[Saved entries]
lemma measurable_past_innov [measurable]: "past_innov i \<in> measurable M (PiM (past i) (\<lambda>_. N))"
  unfolding past_innov_def by (rule measurable_restrict) simp

lemma indep_past_future: "indep_var (PiM (past i) (\<lambda>_. N)) (past_innov i) (PiM (future i) (\<lambda>_. N)) (future_innov i)"
proof -
  define K where "K b = (if b then past i else future i)" for b
  have "indep_vars (\<lambda>b. PiM (K b) (\<lambda>_. N)) (\<lambda>b x. restrict (\<lambda>k. innov k x) (K b)) UNIV"
    using indep unfolding innov_def[abs_def]
    by (intro indep_vars_restrict) (auto simp: K_def past_def future_def disjoint_family_on_def)
  moreover have "(\<lambda>b. PiM (K b) (\<lambda>_. N)) = case_bool (PiM (past i) (\<lambda>_. N)) (PiM (future i) (\<lambda>_. N))"
    "(\<lambda>b x. restrict (\<lambda>k. innov k x) (K b)) = case_bool (past_innov i) (future_innov i)"
    by (auto simp: K_def past_innov_def future_innov_def fun_eq_iff split: bool.split)
  ultimately show ?thesis unfolding indep_var_def by simp
qed

definition eps_of :: "nat \<Rightarrow> (int + int \<Rightarrow> 'b) \<Rightarrow> 'h" where
  "eps_of j u = h (\<lambda>k. u (Inl (int j - int k)))"

definition eps_cpl_of :: "nat \<Rightarrow> nat \<Rightarrow> (int + int \<Rightarrow> 'b) \<Rightarrow> 'h" where
  "eps_cpl_of L j u = h (\<lambda>k. if k < L then u (Inl (int j - int k)) else u (Inr (int j - int k)))"
lemma reachable_in_Sink:
  assumes "wf_dfa M" "p \<in> states M" "\<And>q. q \<in> reachable M p \<Longrightarrow> reachable M q = reachable M p"
  shows "reachable M p \<in> Sink M"
proof -
  have "\<exists>w\<in>lists (alph M). run M x w = y" if "x \<in> reachable M p" "y \<in> reachable M p" for x y
  proof -
    have "y \<in> reachable M x"
      using assms(3)[OF that(1)] that(2) by simp
    then show ?thesis
      by (auto simp: reachable_def)
  qed
  moreover have "run M x w \<in> reachable M p" if "x \<in> reachable M p" "w \<in> lists (alph M)" for x w
    using reachable_trans[OF that(1)] that(2) by (auto simp: reachable_def)
  ultimately show ?thesis
    using reachable_refl[of p M] reachable_subset_states[OF assms(1,2)]
    unfolding Sink_def by blast
qed

text \<open>A reachable state whose reachable set has least cardinality spans a sink component.\<close>

lemma exists_run_into_Sink:
  assumes "wf_dfa M" "s \<in> states M"
  shows "\<exists>w\<in>lists (alph M). run M s w \<in> \<Union>(Sink M)"
proof -
  obtain p where p: "p \<in> reachable M s"
    and least: "\<And>q. q \<in> reachable M s \<Longrightarrow> card (reachable M p) \<le> card (reachable M q)"
    using ex_has_least_nat[of "\<lambda>p. p \<in> reachable M s" s "\<lambda>p. card (reachable M p)"]
      reachable_refl[of s M] by blast
  have p_state: "p \<in> states M"
    using p reachable_subset_states[OF assms] by blast
  have "finite (reachable M p)"
    using reachable_subset_states[OF assms(1) p_state] assms(1)
    by (auto simp: wf_dfa_def intro: finite_subset)
  moreover have "card (reachable M p) \<le> card (reachable M q)" if "q \<in> reachable M p" for q
    using least reachable_trans[OF p] that by blast
  ultimately have "reachable M q = reachable M p" if "q \<in> reachable M p" for q
    using card_seteq reachable_trans[OF that] that by blast
  then have "reachable M p \<in> Sink M"
    by (rule reachable_in_Sink[OF assms(1) p_state])
  moreover obtain u where "u \<in> lists (alph M)" "run M s u = p"
    using p by (auto simp: reachable_def)
  ultimately show ?thesis
    using reachable_refl[of p M] by blast
qed

lemma exists_word_into_Sink:
  assumes "wf_dfa M" "finite S" "S \<subseteq> states M"
  shows "\<exists>w\<in>lists (alph M). \<forall>p\<in>S. run M p w \<in> \<Union>(Sink M)"
  using assms(2,3)
proof (induction S rule: finite_induct)
  case empty
  then show ?case
    by (auto intro: exI[of _ "[]"])
next
  case (insert x S)
  then obtain w where w: "w \<in> lists (alph M)" "\<forall>p\<in>S. run M p w \<in> \<Union>(Sink M)"
    by auto
  have "run M x w \<in> states M"
    using insert.prems run_in_states[OF assms(1) _ w(1)] by simp
  then obtain v where v: "v \<in> lists (alph M)" "run M (run M x w) v \<in> \<Union>(Sink M)"
    using exists_run_into_Sink[OF assms(1)] by blast
  have "run M p (w @ v) \<in> \<Union>(Sink M)" if "p \<in> insert x S" for p
  proof (cases "p = x")
    case False
    then have "run M p w \<in> \<Union>(Sink M)"
      using that w(2) by simp
    then show ?thesis
      using run_in_Union_Sink[OF _ v(1)] by (simp add: run_append)
  qed (use v(2) in \<open>simp add: run_append\<close>)
  then have "\<forall>p\<in>insert x S. run M p (w @ v) \<in> \<Union>(Sink M)"
    by blast
  then show ?case
    using w(1) v(1) by (intro bexI[of _ "w @ v"]) auto
qed

lemma quasi_zero_Sink_nerode:
  assumes "quasi_zero M" "p \<in> \<Union>(Sink M)" "q \<in> \<Union>(Sink M)"
  shows "(p, q) \<in> nerode M"
proof -
  have "Fut M x = (if \<Union>(Sink M) \<subseteq> final M then lists (alph M) else {})"
    if x_sink: "x \<in> \<Union>(Sink M)" for x
  proof (cases "\<Union>(Sink M) \<subseteq> final M")
    case True
    then have "run M x w \<in> final M" if "w \<in> lists (alph M)" for w
      using run_in_Union_Sink[OF x_sink that] by (rule subsetD)
    with True show ?thesis
      unfolding Fut_def by auto
  next
    case False
    then have "\<Union>(Sink M) \<inter> final M = {}"
      using assms(1) unfolding quasi_zero_def by simp
    then have "run M x w \<notin> final M" if "w \<in> lists (alph M)" for w
      using run_in_Union_Sink[OF x_sink that] by blast
    with False show ?thesis
      unfolding Fut_def by auto
  qed
  then have "Fut M p = Fut M q"
    using assms(2,3) by presburger
  moreover have "p \<in> states M" "q \<in> states M"
    using assms(2,3) by (auto simp: Sink_def)
  ultimately show ?thesis
    by (simp add: nerode_def)
qed

lemma quasi_zero_imp_zero_automaton_quotient:
  assumes "wf_dfa M" "quasi_zero M"
  shows "zero_automaton (quotient M)"
proof -
  have "init M \<in> states M"
    using assms(1) by (simp add: wf_dfa_def)
  then obtain z where z: "z \<in> \<Union>(Sink M)"
    using exists_run_into_Sink[OF assms(1)] by blast
  then have z_state: "z \<in> states M"
    unfolding Sink_def by blast
  define Z where "Z = nerode M `` {z}"
  have class_eq_Z: "nerode M `` {p} = Z" if "p \<in> \<Union>(Sink M)" for p
    unfolding Z_def
    by (rule equiv_class_eq[OF equiv_nerode quasi_zero_Sink_nerode[OF assms(2) that z]])
  have Z_state: "Z \<in> states (quotient M)"
    using z_state unfolding Z_def by (simp add: quotientI)
  have Z_fixed: "trans (quotient M) Z a = Z" if "a \<in> alph M" for a
    using trans_quotient_class[OF assms(1) z_state that]
      class_eq_Z[OF run_in_Union_Sink[OF z, of "[a]"]] that
    unfolding Z_def by simp
  have "finite (states M)"
    using assms(1) by (simp add: wf_dfa_def)
  then obtain w where w: "w \<in> lists (alph M)" "\<forall>p\<in>states M. run M p w \<in> \<Union>(Sink M)"
    using exists_word_into_Sink[OF assms(1) _ order_refl] by blast
  have w_sync: "run (quotient M) C w = Z" if C_state: "C \<in> states (quotient M)" for C
  proof -
    obtain p where "p \<in> states M" "C = nerode M `` {p}"
      using C_state by (auto elim: quotientE)
    then show ?thesis
      using run_quotient_class[OF assms(1) _ w(1)] class_eq_Z w(2) by simp
  qed
  show ?thesis
    unfolding zero_automaton_def alph_quotient
  proof (intro conjI)
    show "\<exists>z\<in>states (quotient M). \<forall>a\<in>alph M. trans (quotient M) z a = z"
      using Z_state Z_fixed by (intro bexI[of _ Z] ballI)
    show "\<exists>w\<in>lists (alph M). \<exists>r. \<forall>C\<in>states (quotient M). run (quotient M) C w = r"
      using w(1) w_sync by (intro bexI[of _ w] exI[of _ Z] ballI)
  qed
qed
text \<open>The points c e_3 - (1/s) p0 are the images of the axis at scale s; there the rescaled swirl
  vanishes, so only the remainder is left.\<close>
lemma abs_Theta_axis_image_le:
  assumes s: "0 < s" "s < s0" and c: "s * \<bar>c\<bar> \<le> L / 2"
    and R_le: "\<forall>x\<in>fin_cyl L. \<bar>R s x\<bar> \<le> \<epsilon>"
  shows "\<bar>\<Theta> (c *\<^sub>R e_3 - (1 / s) *\<^sub>R p0)\<bar> \<le> \<epsilon>"
proof -
  define a where "a = (s * c) *\<^sub>R e_3"
  have rad_a: "rad a = 0"
    by (simp add: a_def rad_def)
  have rad_a_plus: "rad (a + h *\<^sub>R p0) = \<bar>h\<bar>" for h
    by (simp add: a_def rad_def)
  have "\<bar>s * c\<bar> \<le> L / 2"
    using c s by (simp add: abs_mult)
  then have mem: "a + h *\<^sub>R p0 \<in> fin_cyl L" if "\<bar>h\<bar> \<le> 1" for h
    using that rad_a_plus[of h] unfolding fin_cyl_def by (simp add: a_def; arith)
  have image: "(1 / s) *\<^sub>R (a + h *\<^sub>R p0 - p0) = c *\<^sub>R e_3 - ((1 - h) / s) *\<^sub>R p0" for h
    using s by (simp add: a_def vec_eq_iff forall_3 field_simps)
  have near_0: "\<forall>\<^sub>F h in at_right 0. 0 < h \<and> h \<le> (1::real)"
    unfolding eventually_at_right_field by (intro exI[of _ 1]) auto
  have "((\<lambda>h. \<Theta> (c *\<^sub>R e_3 - ((1 - h) / s) *\<^sub>R p0))
      \<longlongrightarrow> \<Theta> (c *\<^sub>R e_3 - (1 / s) *\<^sub>R p0)) (at_right 0)"
  proof (rule continuous_on_tendsto_compose[OF Theta_continuous])
    show "((\<lambda>h. c *\<^sub>R e_3 - ((1 - h) / s) *\<^sub>R p0)
        \<longlongrightarrow> c *\<^sub>R e_3 - (1 / s) *\<^sub>R p0) (at_right 0)"
      using s by (intro tendsto_eq_intros) auto
    show "\<forall>\<^sub>F h in at_right 0. c *\<^sub>R e_3 - ((1 - h) / s) *\<^sub>R p0 \<in> {y. y$1 \<le> 0}"
      using near_0 by eventually_elim (use s in simp)
  qed (use s in simp)
  then have lim_Theta: "((\<lambda>h. \<bar>\<Theta> ((1 / s) *\<^sub>R (a + h *\<^sub>R p0 - p0))\<bar>)
      \<longlongrightarrow> \<bar>\<Theta> (c *\<^sub>R e_3 - (1 / s) *\<^sub>R p0)\<bar>) (at_right 0)"
    unfolding image by (rule tendsto_rabs)
  have "((\<lambda>h. \<bar>k s * swirl (w s) (a + h *\<^sub>R p0)\<bar> + \<epsilon>) \<longlongrightarrow> \<bar>k s * 0\<bar> + \<epsilon>) (at_right 0)"
    using swirl_tendsto_0_at_axis[OF velocity_continuous[OF s] rad_a swirl_axisymmetric[OF s]]
    by (intro tendsto_intros)
  then have lim_bound: "((\<lambda>h. \<bar>k s * swirl (w s) (a + h *\<^sub>R p0)\<bar> + \<epsilon>) \<longlongrightarrow> \<epsilon>) (at_right 0)"
    by simp
  have "\<forall>\<^sub>F h in at_right 0.
      \<bar>\<Theta> ((1 / s) *\<^sub>R (a + h *\<^sub>R p0 - p0))\<bar> \<le> \<bar>k s * swirl (w s) (a + h *\<^sub>R p0)\<bar> + \<epsilon>"
    using near_0
  proof eventually_elim
    case (elim h)
    then have "a + h *\<^sub>R p0 \<in> fin_cyl L" "0 < rad (a + h *\<^sub>R p0)"
      by (simp_all add: mem rad_a_plus)
    then show ?case
      using profile_eq[OF s] R_le by fastforce
  qed
  then show ?thesis
    by (rule tendsto_le[OF trivial_limit_at_right_real lim_bound lim_Theta])
qed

## What to produce
Would you output, from the records above, exactly the run of lines that starts at the line containing "qed (use s in simp)" and ends at the line containing "unfolding image by (rule tendsto_rabs)", and only that run?

## Exercise response
  qed (use s in simp)
  then have lim_Theta: "((\<lambda>h. \<bar>\<Theta> ((1 / s) *\<^sub>R (a + h *\<^sub>R p0 - p0))\<bar>)
      \<longlongrightarrow> \<bar>\<Theta> (c *\<^sub>R e_3 - (1 / s) *\<^sub>R p0)\<bar>) (at_right 0)"
    unfolding image by (rule tendsto_rabs)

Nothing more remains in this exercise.